Our article provides an overview of the latest Exposure Drafts issued by the IASB in November and December 2012:
ED 2012/3 Equity method: share of other net asset changes
- ED/2012/3 Equity method: share of other net asset changes
- ED/2012/4 Classification and measurement: limited amendments to IFRS 9
- ED/2012/5 Clarification of acceptable methods of depreciation and amortisation
- ED/2012/6 Sale or contribution of assets between an investor and its associate or joint venture
- ED/2012/7 Acquisition of an interest in a joint operation
The IASB proposes amendments to IAS 28 Investments in Associates and Joint Ventures
requiring an investor to recognise in its equity its share of so-called “other net asset changes”. These are changes in the net assets of the investee which are not recognised in the investee’s profit or loss or OCI, and that are not distributions received. Examples include an issue of shares by an investee to third parties or movements in the investee’s equity arising from the purchase of shares that belong to its non-controlling shareholders.

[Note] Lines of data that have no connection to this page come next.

text \<open>The Gram matrix of three distinct points of \<open>Q\<close> has zero diagonal and positive off-diagonal
  entries, so it is invertible; the coefficients below come from inverting it.\<close>

lemma exists_lpolar_values_Qset3:
  assumes Q: "p \<in> Qset t" "p' \<in> Qset t" "q \<in> Qset t"
    and d: "p \<noteq> p'" "p \<noteq> q" "p' \<noteq> q"
  obtains \<alpha> \<beta> \<gamma> where
    "lpolar t (\<alpha> *\<^sub>R p + \<beta> *\<^sub>R p' + \<gamma> *\<^sub>R q) p = c1"
    "lpolar t (\<alpha> *\<^sub>R p + \<beta> *\<^sub>R p' + \<gamma> *\<^sub>R q) p' = c2"
    "lpolar t (\<alpha> *\<^sub>R p + \<beta> *\<^sub>R p' + \<gamma> *\<^sub>R q) q = c3"
proof -
  define k12 where "k12 = lpolar t p p'"
  define k13 where "k13 = lpolar t p q"
  define k23 where "k23 = lpolar t p' q"
  have k: "k12 > 0" "k13 > 0" "k23 > 0"
    using lpolar_Qset_pos Q d unfolding k12_def k13_def k23_def by auto
  have sym: "lpolar t p' p = k12" "lpolar t q p = k13" "lpolar t q p' = k23"
    by (simp_all add: k12_def k13_def k23_def lpolar_commute)
  have diag: "lpolar t p p = 0" "lpolar t p' p' = 0" "lpolar t q q = 0"
    using Q lpolar_Qset_self by auto
  define \<gamma> where "\<gamma> = (k13 * c2 + k23 * c1 - k12 * c3) / (2 * k13 * k23)"
  define \<alpha> where "\<alpha> = (c2 - \<gamma> * k23) / k12"
  define \<beta> where "\<beta> = (c1 - \<gamma> * k13) / k12"
  have "lpolar t (\<alpha> *\<^sub>R p + \<beta> *\<^sub>R p' + \<gamma> *\<^sub>R q) p = c1"
    using k by (simp add: lpolar_linear sym diag \<beta>_def field_simps)
  moreover have "lpolar t (\<alpha> *\<^sub>R p + \<beta> *\<^sub>R p' + \<gamma> *\<^sub>R q) p' = c2"
    using k by (simp add: lpolar_linear sym diag \<alpha>_def k12_def[symmetric] field_simps)
  moreover have "lpolar t (\<alpha> *\<^sub>R p + \<beta> *\<^sub>R p' + \<gamma> *\<^sub>R q) q = \<alpha> * k13 + \<beta> * k23"
    by (simp add: lpolar_linear diag k13_def k23_def)
  moreover have "\<alpha> * k13 + \<beta> * k23 = c3"
    using k by (simp add: \<alpha>_def \<beta>_def \<gamma>_def field_simps)
  ultimately show ?thesis
    using that by simp
qed

text \<open>Take \<open>w = \<rho> w\<^sub>0 + \<mu> v\<close>, where \<open>w\<^sub>0\<close> has \<open>lpolar t w\<^sub>0 x = 1 / (2\<sigma>\<^sub>x)\<close> and \<open>v\<close> is a unit spacelike
  vector orthogonal to \<open>p, p', q\<close>; then \<open>cone_param t w x = lq t w \<sigma>\<^sub>x / \<rho>\<close>, and \<open>\<rho>, \<mu>\<close> are
  chosen with \<open>lq t w = \<rho>\<^sup>2 lq t w\<^sub>0 - \<mu>\<^sup>2 = \<rho> \<noteq> 0\<close>.\<close>

lemma exists_cone_params:
  fixes p p' q :: "real^'n::finite"
  assumes card: "CARD('n) \<ge> 4" and Q: "p \<in> Qset t" "p' \<in> Qset t" "q \<in> Qset t"
    and d: "p \<noteq> p'" "p \<noteq> q" "p' \<noteq> q"
    and \<sigma>: "\<sigma>1 \<noteq> 0" "\<sigma>2 \<noteq> 0" "\<sigma>3 \<noteq> 0"
  obtains w where "lpolar t w p \<noteq> 0" "lpolar t w p' \<noteq> 0" "lpolar t w q \<noteq> 0"
    "cone_param t w p = \<sigma>1" "cone_param t w p' = \<sigma>2" "cone_param t w q = \<sigma>3"
proof -
  obtain \<alpha> \<beta> \<gamma> where w0:
    "lpolar t (\<alpha> *\<^sub>R p + \<beta> *\<^sub>R p' + \<gamma> *\<^sub>R q) p = 1 / (2 * \<sigma>1)"
    "lpolar t (\<alpha> *\<^sub>R p + \<beta> *\<^sub>R p' + \<gamma> *\<^sub>R q) p' = 1 / (2 * \<sigma>2)"
    "lpolar t (\<alpha> *\<^sub>R p + \<beta> *\<^sub>R p' + \<gamma> *\<^sub>R q) q = 1 / (2 * \<sigma>3)"
    using exists_lpolar_values_Qset3[OF Q d] by blast
  define w0 where "w0 = \<alpha> *\<^sub>R p + \<beta> *\<^sub>R p' + \<gamma> *\<^sub>R q"
  obtain v where v: "v \<noteq> 0" "lpolar t v p = 0" "lpolar t v p' = 0" "lpolar t v q = 0"
    using exists_lpolar_orthogonal3[OF card] by blast
  have "lq t v < 0"
    using lq_orthogonal_two_Qset_neg[OF Q(1,2) d(1) v(2,3,1)] .
  define v1 where "v1 = (1 / sqrt (- lq t v)) *\<^sub>R v"
  have lq_v1: "lq t v1 = -1"
    using \<open>lq t v < 0\<close> by (simp add: v1_def lq_scaleR power_divide)
  have v1: "lpolar t v1 p = 0" "lpolar t v1 p' = 0" "lpolar t v1 q = 0"
    using v by (simp_all add: v1_def lpolar_linear)
  then have w0_v1: "lpolar t w0 v1 = 0"
    by (simp add: w0_def lpolar_linear lpolar_commute[of t _ v1])
  define \<rho> where "\<rho> = - 1 / (1 + \<bar>lq t w0\<bar>)"
  have "\<rho> < 0" "\<rho> * lq t w0 \<le> 1"
    by (auto simp: \<rho>_def field_simps abs_if)
  then have "\<rho>\<^sup>2 * lq t w0 - \<rho> \<ge> 0"
    by (simp add: power2_eq_square mult_nonpos_nonpos algebra_simps)
  define \<mu> where "\<mu> = sqrt (\<rho>\<^sup>2 * lq t w0 - \<rho>)"
  define w where "w = \<rho> *\<^sub>R w0 + \<mu> *\<^sub>R v1"
  have lq_w: "lq t w = \<rho>"
    using \<open>\<rho>\<^sup>2 * lq t w0 - \<rho> \<ge> 0\<close>
    by (simp add: w_def \<mu>_def lq_add lq_scaleR lpolar_linear w0_v1 lq_v1)
  have "lpolar t w p = \<rho> / (2 * \<sigma>1)" "lpolar t w p' = \<rho> / (2 * \<sigma>2)" "lpolar t w q = \<rho> / (2 * \<sigma>3)"
    using w0 v1 by (simp_all add: w_def w0_def lpolar_linear)
  then show ?thesis
    using \<sigma> \<open>\<rho> < 0\<close> by (intro that[of w]) (simp_all add: cone_param_def lq_w)
qed
(* Let $A\in\mathbb{R}^{m\times n}$ with $m\le n$, let $\lambda>0$, and let $D=\begin{bmatrix}A&\sqrt{\lambda}I_m\end{bmatrix}$ have economy SVD $D=U_D\Sigma_D\begin{bmatrix}V_1^T&V_2^T\end{bmatrix}$, where $V_1\in\mathbb{R}^{n\times m}$ consists of the first $n$ rows of the matrix of right singular vectors. Let $X\in\mathbb{R}^{n\times s}$ and suppose that for some $0<\epsilon<1$, $$\|V_1^TXX^TV_1-V_1^TV_1\|_2\le\epsilon .$$ Let $R\in\mathbb{R}^{m\times m}$ be any matrix with $R^TR=(AX)(AX)^T+\lambda I_m$. Then $$\kappa_2(R^{-T}D)\le\sqrt{\frac{1+\epsilon}{1-\epsilon}}.$$
   Context: $\|\cdot\|_2$ is the spectral norm; $\kappa_2(M)$ for the full-row-rank $m\times(n+m)$ matrix $M$ is the ratio of its largest to smallest of its $m$ singular values. $R$ is invertible since $R^TR$ is positive definite. *)

theory Defs
  imports "HOL-Analysis.Analysis"
begin

definition spec_norm :: "real^'c^'r \<Rightarrow> real" where
  "spec_norm M = onorm (\<lambda>x. M *v x)"

text \<open>The singular values of an r x c matrix M (r rows, full row rank case of interest):
  square roots of the eigenvalues of M M^T (there are r of them, counted with multiplicity).\<close>
definition sing_vals :: "real^'c^'r \<Rightarrow> real set" where
  "sing_vals M = {sqrt \<mu> | \<mu>. \<exists>v. v \<noteq> 0 \<and> (M ** transpose M) *v v = \<mu> *s v}"

definition kappa2 :: "real^'c^'r \<Rightarrow> real" where
  "kappa2 M = Max (sing_vals M) / Min (sing_vals M)"

definition diag_mat :: "real^'m \<Rightarrow> real^'m^'m" where
  "diag_mat d = (\<chi> i j. if i = j then d $ i else 0)"

text \<open>The augmented matrix D = [A, sqrt(lam) I_m].\<close>
definition aug_mat :: "real^'n^'m \<Rightarrow> real \<Rightarrow> real^('n + 'm)^'m" where
  "aug_mat A lam = (\<chi> i j. case j of Inl k \<Rightarrow> A $ i $ k | Inr k \<Rightarrow> (if k = i then sqrt lam else 0))"

definition top_rows :: "real^'m^('n + 'm) \<Rightarrow> real^'m^'n" where
  "top_rows V = (\<chi> i j. V $ Inl i $ j)"

end

(*
  For an eigenvector v of M M^T, where M = R^-T D, put w = R^-1 v. The eigenvalue equation
  becomes D D^T w = \<mu> R^T R w, so \<mu> = |D^T w|^2 / |R w|^2. Since D^T = V (U \<Sigma>)^T, we can
  write D^T w = V y, so |D^T w| = |y|, the top block of D^T w is A^T w = V_1 y and the bottom
  block is sqrt \<lambda> w. Together with R^T R = (A X)(A X)^T + \<lambda> I this gives
    |R w|^2 - |D^T w|^2 = |X^T V_1 y|^2 - |V_1 y|^2 = y^T (V_1^T X X^T V_1 - V_1^T V_1) y,
  which is at most \<epsilon> |y|^2 in absolute value. Hence every eigenvalue of M M^T lies in
  [1/(1+\<epsilon>), 1/(1-\<epsilon>)], and the ratio of the extreme singular values of M is at most
  sqrt ((1+\<epsilon>)/(1-\<epsilon>)).
*)
theory Submission
  imports Defs
begin

lemma inner_matrix_vector_transpose:
  "(x::real^'r) \<bullet> (M *v y) = (transpose M *v x) \<bullet> (y::real^'c)"
  by (simp add: dot_lmul_matrix)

The background is that some entities viewed paragraphs of IAS 28 as being inconsistent, or at least unclear.
Moreover, the cumulative amount recognised in the investor’s equity for the investee’s other net asset changes, should be reclassified to profit or loss when the investor discontinues using the equity method.
The IASB proposes retrospective application of the amendments.ED/2012/4 Classification and measurement: limited amendments to IFRS 9 Financial Instruments
As part of the phased project to replace IAS 39, the IASB issued chapters of IFRS 9 in 2009 and 2010, specifying the classification and measurement of financial assets and financial liabilities. Although IFRS 9 will only be mandatorily effective from 2015, the IASB proposes amendments to these chapters to:
- reduce key differences with the corresponding tentative US requirements;
- address specific application questions relating to IFRS 9 raised by interested parties; and
- take into account the interaction with its project on insurance contracts.

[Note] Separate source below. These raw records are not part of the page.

(* Let $n\ge \max\{m,p\}$, $A\in\mathbb{R}^{n\times n}$ symmetric positive definite, $B\in\mathbb{R}^{m\times n}$ of full row rank, $D\in\mathbb{R}^{m\times m}$ symmetric positive semidefinite, and $\widehat A\in\mathbb{R}^{n\times n}$, $\widehat S\in\mathbb{R}^{m\times m}$ symmetric positive definite. Set $\overline A=\widehat A^{-1/2}A\widehat A^{-1/2}$, $\overline D=\widehat S^{-1/2}D\widehat S^{-1/2}$, $R=\widehat S^{-1/2}B\widehat A^{-1/2}$, $\widetilde S=D+B\widehat A^{-1}B^T$, and define $\gamma^A_{\min/\max}=\lambda_{\min/\max}(\widehat A^{-1}A)$, $\gamma^S_{\max}=\lambda_{\max}(\widehat S^{-1}\widetilde S)$, $\gamma^D_{\max}=\lambda_{\max}(\widehat S^{-1}D)$, $\gamma^R_{\min}=\lambda_{\min}(RR^T)$. Assume $1\in[\gamma^A_{\min},\gamma^A_{\max}]$. Let $\zeta\in\mathbb{R}$ satisfy either $$0<\zeta<\min\left\{\gamma^A_{\min},\ \frac{\gamma^R_{\min}}{\gamma^A_{\max}+\gamma^R_{\min}+\gamma^D_{\max}}\right\}\quad\text{or}\quad \zeta\ge\gamma^A_{\max}+\gamma^S_{\max}.$$ Then all eigenvalues of the symmetric matrix $$Z(\zeta)=(1-\zeta)R(\zeta I-\overline A)^{-1}R^T-\overline D+\zeta I\in\mathbb{R}^{m\times m}$$ are either all positive or all negative.
   Context: $\lambda_{\min}$, $\lambda_{\max}$ denote the smallest and largest eigenvalues (all matrices involved have real spectra). The assumption $1\in[\gamma^A_{\min},\gamma^A_{\max}]$ is a standing assumption of the paper's analysis. *)

theory Defs
  imports "HOL-Analysis.Analysis"
begin

definition sym_mat :: "real^'n^'n \<Rightarrow> bool" where
  "sym_mat M \<longleftrightarrow> transpose M = M"

definition pos_def_mat :: "real^'n^'n \<Rightarrow> bool" where
  "pos_def_mat M \<longleftrightarrow> sym_mat M \<and> (\<forall>x. x \<noteq> 0 \<longrightarrow> x \<bullet> (M *v x) > 0)"

definition pos_semidef_mat :: "real^'n^'n \<Rightarrow> bool" where
  "pos_semidef_mat M \<longleftrightarrow> sym_mat M \<and> (\<forall>x. x \<bullet> (M *v x) \<ge> 0)"
lemma AE_d_R_le:
  fixes bk b :: "real \<Rightarrow> real \<Rightarrow> real"
  assumes bk_L1: "set_integrable (lborel :: (real \<times> real) measure) (UNIV \<times> A) (\<lambda>p. bk (fst p) (snd p))"
    and b_L1: "set_integrable (lborel :: (real \<times> real) measure) (UNIV \<times> A) (\<lambda>p. b (fst p) (snd p))"
    and "\<And>t. t \<in> A \<Longrightarrow> 0 \<le> L t"
    and "AE t in lborel. t \<in> A \<longrightarrow> lip_plus (\<lambda>x. bk x t) \<le> ereal (L t)"
    and "AE t in lborel. t \<in> A \<longrightarrow> (\<integral>\<^sup>+ x. ennreal \<bar>bk x t - b x t\<bar> \<partial>lborel) \<le> ennreal \<epsilon>"
    and "0 < R" "0 \<le> \<epsilon>"
  shows "AE t in lborel. t \<in> A \<longrightarrow> d_R bk b R t \<le> ereal (2 * \<epsilon> / R + 2 * sqrt \<epsilon> * sqrt (L t))"
  using assms(4,5)
proof eventually_elim
  case (elim t)
  show ?case
  proof
    assume t: "t \<in> A"
    have "d_R bk b R t \<le> ereal (2 * \<epsilon> / R + 2 * sqrt (\<epsilon> * L t))"
      by (rule d_R_le[where b=b and bk=bk and t=t,
            OF borel_measurable_section[OF b_L1 t] borel_measurable_section[OF bk_L1 t]])
        (use assms(3,6,7) elim t in auto)
    then show "d_R bk b R t \<le> ereal (2 * \<epsilon> / R + 2 * sqrt \<epsilon> * sqrt (L t))"
      by (simp add: real_sqrt_mult mult.assoc)
  qed
qed

theorem lemma5p1:
  fixes T :: real
    and bk :: "nat \<Rightarrow> real \<Rightarrow> real \<Rightarrow> real"
    and b :: "real \<Rightarrow> real \<Rightarrow> real"
    and L :: "real \<Rightarrow> real"
  assumes T_pos: "T > 0"
    and bk_L1: "\<And>k. set_integrable (lborel :: (real \<times> real) measure) (UNIV \<times> {0<..<T})
                        (\<lambda>p. bk k (fst p) (snd p))"
    and bk_Linf: "\<And>k. \<exists>C. AE p in (lborel :: (real \<times> real) measure).
                        p \<in> UNIV \<times> {0<..<T} \<longrightarrow> \<bar>bk k (fst p) (snd p)\<bar> \<le> C"
    and b_L1: "set_integrable (lborel :: (real \<times> real) measure) (UNIV \<times> {0<..<T})
                        (\<lambda>p. b (fst p) (snd p))"
    and b_Linf: "\<exists>C. AE p in (lborel :: (real \<times> real) measure).
                        p \<in> UNIV \<times> {0<..<T} \<longrightarrow> \<bar>b (fst p) (snd p)\<bar> \<le> C"
    and L_meas: "set_borel_measurable lborel {0..T} L"
    and L_nonneg: "\<forall>t\<in>{0..T}. 0 \<le> L t"
    and L_half: "set_integrable lborel {0..T} (\<lambda>t. sqrt (L t))"
    and lip: "AE t in lborel. t \<in> {0<..<T} \<longrightarrow> (\<forall>k. lip_plus (\<lambda>x. bk k x t) \<le> ereal (L t))"
    and conv: "(\<lambda>k. esssup (restrict_space lborel {0<..<T})
                   (\<lambda>t. enn2ereal (\<integral>\<^sup>+ x. ennreal \<bar>bk k x t - b x t\<bar> \<partial>lborel)))
               \<longlonglongrightarrow> 0"
  shows "\<forall>R>0. (\<lambda>k. \<integral>\<^sup>+ t \<in> {0<..<T}. e2ennreal (d_R (bk k) b R t) \<partial>lborel) \<longlonglongrightarrow> 0"
proof (intro allI impI)
  fix R :: real assume "0 < R"
  obtain \<epsilon> where \<epsilon>: "\<epsilon> \<longlonglongrightarrow> 0" "\<And>k. 0 \<le> \<epsilon> k"
    and close: "\<forall>\<^sub>F k in sequentially. AE t in restrict_space lborel {0<..<T}.
                  (\<integral>\<^sup>+ x. ennreal \<bar>bk k x t - b x t\<bar> \<partial>lborel) \<le> ennreal (\<epsilon> k)"
    using conv by (rule esssup_tendsto_0_AE_le) blast
  define bound where "bound k t = 2 * \<epsilon> k / R + 2 * sqrt (\<epsilon> k) * sqrt (L t)" for k t
  have upper: "\<forall>\<^sub>F k in sequentially. (\<integral>\<^sup>+ t \<in> {0<..<T}. e2ennreal (d_R (bk k) b R t) \<partial>lborel)
      \<le> (\<integral>\<^sup>+ t \<in> {0<..<T}. ennreal (bound k t) \<partial>lborel)"
    using close
  proof eventually_elim
    case (elim k)
    have "AE t in lborel. t \<in> {0<..<T} \<longrightarrow> d_R (bk k) b R t \<le> ereal (bound k t)"
      unfolding bound_def using L_nonneg lip elim \<epsilon>(2) \<open>0 < R\<close>
      by (intro AE_d_R_le[OF bk_L1 b_L1]) (auto simp: AE_restrict_space_iff elim: eventually_mono)
    then show ?case
      by (intro nn_integral_mono_AE)
        (auto split: split_indicator elim!: eventually_mono intro: e2ennreal_mono[THEN order_trans])
  qed
  have lim: "(\<lambda>k. \<integral>\<^sup>+ t \<in> {0<..<T}. ennreal (bound k t) \<partial>lborel) \<longlonglongrightarrow> 0"
    unfolding bound_def
    using \<epsilon> set_integrable_subset[OF L_half _ greaterThanLessThan_subseteq_atLeastAtMost_iff[THEN iffD2]]
      L_nonneg T_pos \<open>0 < R\<close>
    by (intro set_nn_integral_affine_tendsto_0) (auto intro!: tendsto_eq_intros)
  show "(\<lambda>k. \<integral>\<^sup>+ t \<in> {0<..<T}. e2ennreal (d_R (bk k) b R t) \<partial>lborel) \<longlonglongrightarrow> 0"
    by (rule tendsto_sandwich[OF _ upper tendsto_const lim]) simp
qed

The ED proposes the following amendments to IFRS 9, which will mainly affect entities in the financial services sector:
ED/2012/5 Clarification of acceptable methods of depreciation and amortisation
- Introduce a fair value through other comprehensive income (FVOCI) category for debt instruments held in a business model whose objective is to collect contractual cash flows and for sale. The accounting treatment of assets assigned to this category would be similar to the available-for-sale category of IAS 39.
- Guidance has been developed on how to account for transfers of financial assets into and out of the new FVOCI category. Moreover, the existing option to designate on initial recognition a financial asset as at fair value through profit or loss (Fair Value Option) has been extended to debt instruments held by the entity that would otherwise belong to the FVOCI category.

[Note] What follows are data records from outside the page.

lemma vd_pow_differentiable_on_compose:
  fixes \<phi> f :: "real \<Rightarrow> real"
  assumes U: "open U" and fV: "\<forall>s\<in>U. f s \<in> V"
  shows "\<forall>j\<le>m. vd_pow_differentiable_on j V \<phi> \<Longrightarrow> \<forall>j\<le>m. vd_pow_differentiable_on j U f
    \<Longrightarrow> vd_pow_differentiable_on m U (\<lambda>s. \<phi> (f s))"
proof (induction m arbitrary: \<phi> rule: less_induct)
  case (less m)
  have chain: "((\<lambda>s. \<phi> (f s)) has_real_derivative vd \<phi> (f s) * vd f s) (at s)" if "s \<in> U" for s
    using less(2)[rule_format, of 0] less(3)[rule_format, of 0] fV that
    unfolding vd_pow_differentiable_on_def
    by (auto intro!: DERIV_chain2[OF has_real_derivative_vd has_real_derivative_vd])
  show ?case
  proof (cases m)
    case 0
    then show ?thesis using chain unfolding vd_pow_differentiable_on_def by (auto intro: real_differentiableI)
  next
    case (Suc n)
    have "vd_pow_differentiable_on n U (\<lambda>s. vd \<phi> (f s) * vd f s)"
    proof (rule vd_pow_differentiable_on_bilinear[OF bounded_bilinear_mult U], intro allI impI conjI)
      fix j assume j: "j \<le> n"
      show "vd_pow_differentiable_on j U (\<lambda>s. vd \<phi> (f s))"
        by (rule less(1)) (use j Suc less(2,3) in \<open>auto simp: vd_pow_differentiable_on_Suc[symmetric]\<close>)
      show "vd_pow_differentiable_on j U (vd f)"
        using j Suc less(3) by (auto simp: vd_pow_differentiable_on_Suc[symmetric])
    qed
    then have "vd_pow_differentiable_on n U (vd (\<lambda>s. \<phi> (f s)))"
      by (rule vd_pow_differentiable_on_cong[OF U, rotated]) (use chain vd_eqI_real in metis)
    then show ?thesis using Suc by (simp add: vd_pow_differentiable_on_Suc)
  qed
qed

lemma smooth_on_inverse_real: "smooth_on (-{0::real}) inverse"
  unfolding smooth_on_iff_vd_pow_differentiable_on
proof
  fix m show "vd_pow_differentiable_on m (-{0::real}) inverse"
  proof (induction m rule: less_induct)
    case (less m)
    have U: "open (-{0::real})" by auto
    have D: "(inverse has_real_derivative (-1) * (inverse x * inverse x)) (at x)" if "x \<in> -{0}" for x :: real
      using DERIV_inverse[of x UNIV] that by (simp add: power2_eq_square)
    show ?case
    proof (cases m)
      case 0
      then show ?thesis using D unfolding vd_pow_differentiable_on_def by (auto intro: real_differentiableI)
    next
      case (Suc n)
      have "vd_pow_differentiable_on n (-{0}) (\<lambda>x::real. (-1) * (inverse x * inverse x))"
        by (rule vd_pow_differentiable_on_bilinear[OF bounded_bilinear_mult U])
           (use less Suc in \<open>auto intro!: vd_pow_differentiable_on_const
              vd_pow_differentiable_on_bilinear[OF bounded_bilinear_mult U]\<close>)
      then have "vd_pow_differentiable_on n (-{0}) (vd inverse)"
        by (rule vd_pow_differentiable_on_cong[OF U, rotated]) (use D vd_eqI_real in metis)
      then show ?thesis using Suc by (simp add: vd_pow_differentiable_on_Suc)
    qed
  qed
qed

lemma smooth_on_sqrt: "smooth_on {0::real<..} sqrt"
  unfolding smooth_on_iff_vd_pow_differentiable_on
proof
  fix m show "vd_pow_differentiable_on m {0::real<..} sqrt"
  proof (induction m rule: less_induct)
    case (less m)
    have D: "(sqrt has_real_derivative (1/2) * inverse (sqrt x)) (at x)" if "x \<in> {0<..}" for x :: real
      using DERIV_real_sqrt[of x] that by simp
    show ?case
    proof (cases m)
      case 0
      then show ?thesis using D unfolding vd_pow_differentiable_on_def by (auto intro: real_differentiableI)
    next
      case (Suc n)
      have "vd_pow_differentiable_on n {0<..} (\<lambda>x::real. (1/2) * inverse (sqrt x))"
      proof (rule vd_pow_differentiable_on_bilinear[OF bounded_bilinear_mult open_greaterThan],
          intro allI impI conjI vd_pow_differentiable_on_const)
        fix j assume "j \<le> n"
        then show "vd_pow_differentiable_on j {0<..} (\<lambda>x. inverse (sqrt x))"
          using Suc less smooth_on_inverse_real
          by (intro vd_pow_differentiable_on_compose[OF open_greaterThan, where V="-{0}"])
             (auto simp: smooth_on_iff_vd_pow_differentiable_on)
      qed
      then have "vd_pow_differentiable_on n {0<..} (vd sqrt)"
        by (rule vd_pow_differentiable_on_cong[OF open_greaterThan, rotated]) (use D vd_eqI_real in metis)
      then show ?thesis using Suc by (simp add: vd_pow_differentiable_on_Suc)
    qed
  qed
qed

lemma smooth_on_bilinear:
  assumes "bounded_bilinear P" "open U" "smooth_on U f" "smooth_on U g"
  shows "smooth_on U (\<lambda>s. P (f s) (g s))"
  using assms(3,4) unfolding smooth_on_iff_vd_pow_differentiable_on
  by (auto intro!: vd_pow_differentiable_on_bilinear[OF assms(1,2)])

lemma smooth_on_add:
  assumes "open U" "smooth_on U f" "smooth_on U g"
  shows "smooth_on U (\<lambda>s. f s + g s)"
  using assms(2,3) unfolding smooth_on_iff_vd_pow_differentiable_on
  by (auto intro!: vd_pow_differentiable_on_add[OF assms(1)])

lemma smooth_on_vd: "smooth_on U f \<Longrightarrow> smooth_on U (vd f)"
  unfolding smooth_on_iff_vd_pow_differentiable_on by (simp flip: vd_pow_differentiable_on_Suc)

lemma smooth_on_cong: "open U \<Longrightarrow> smooth_on U f \<Longrightarrow> (\<And>s. s \<in> U \<Longrightarrow> f s = g s) \<Longrightarrow> smooth_on U g"
  unfolding smooth_on_iff_vd_pow_differentiable_on by (metis vd_pow_differentiable_on_cong)

lemma smooth_on_const: "smooth_on U (\<lambda>_. c)"
  unfolding smooth_on_iff_vd_pow_differentiable_on by (simp add: vd_pow_differentiable_on_const)

lemma smooth_on_subset: "smooth_on S f \<Longrightarrow> T \<subseteq> S \<Longrightarrow> smooth_on T f"
  unfolding smooth_on_def by blast

lemma smooth_on_imp_differentiable: "smooth_on U f \<Longrightarrow> t \<in> U \<Longrightarrow> f differentiable (at t)"
  unfolding smooth_on_def by (metis funpow_0)

lemma smooth_on_imp_has_vector_derivative:
  "smooth_on U f \<Longrightarrow> t \<in> U \<Longrightarrow> (f has_vector_derivative vd f t) (at t)"
  by (rule has_vector_derivative_vd) (rule smooth_on_imp_differentiable)

lemma smooth_on_compose_real:
  fixes \<phi> f :: "real \<Rightarrow> real"
  assumes "open U" "smooth_on V \<phi>" "smooth_on U f" "\<forall>s\<in>U. f s \<in> V"
  shows "smooth_on U (\<lambda>s. \<phi> (f s))"
  using assms(2,3) vd_pow_differentiable_on_compose[OF assms(1,4)]
  unfolding smooth_on_iff_vd_pow_differentiable_on by blast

- In IFRS 9, one prerequisite for amortised cost measurement of financial assets is that the objective of the business model in which an asset is held is to collect contractual cash flows consisting solely of payments of principal and interest. The IASB proposes additional application guidance to clarify when this criterion is met.
- The IASB also proposes to amend transition guidance. The most important change is that companies should no longer be permitted to early adopt previous versions of IFRS 9 once the final version of the standard is issued. Instead, it would only be permitted to early adopt the standard in its entirety. An exception to this is proposed: entities should be able to early adopt only the requirement for presenting in OCI gains and losses attributable to changes in an entity’s own credit risk for financial liabilities designated as at FVTPL under the Fair Value Option.
The ED proposes amendments to IAS 16 Property, Plant & Equipment
and IAS 38 Intangible Assets
clarifying that revenue-based methods should not be used to calculate depreciation and amortisation expense. The rationale is that these methods reflect the economic benefits generated by assets, rather than the consumption of those economic benefits. Conceptually, depreciation methods should reflect the pattern of consumption.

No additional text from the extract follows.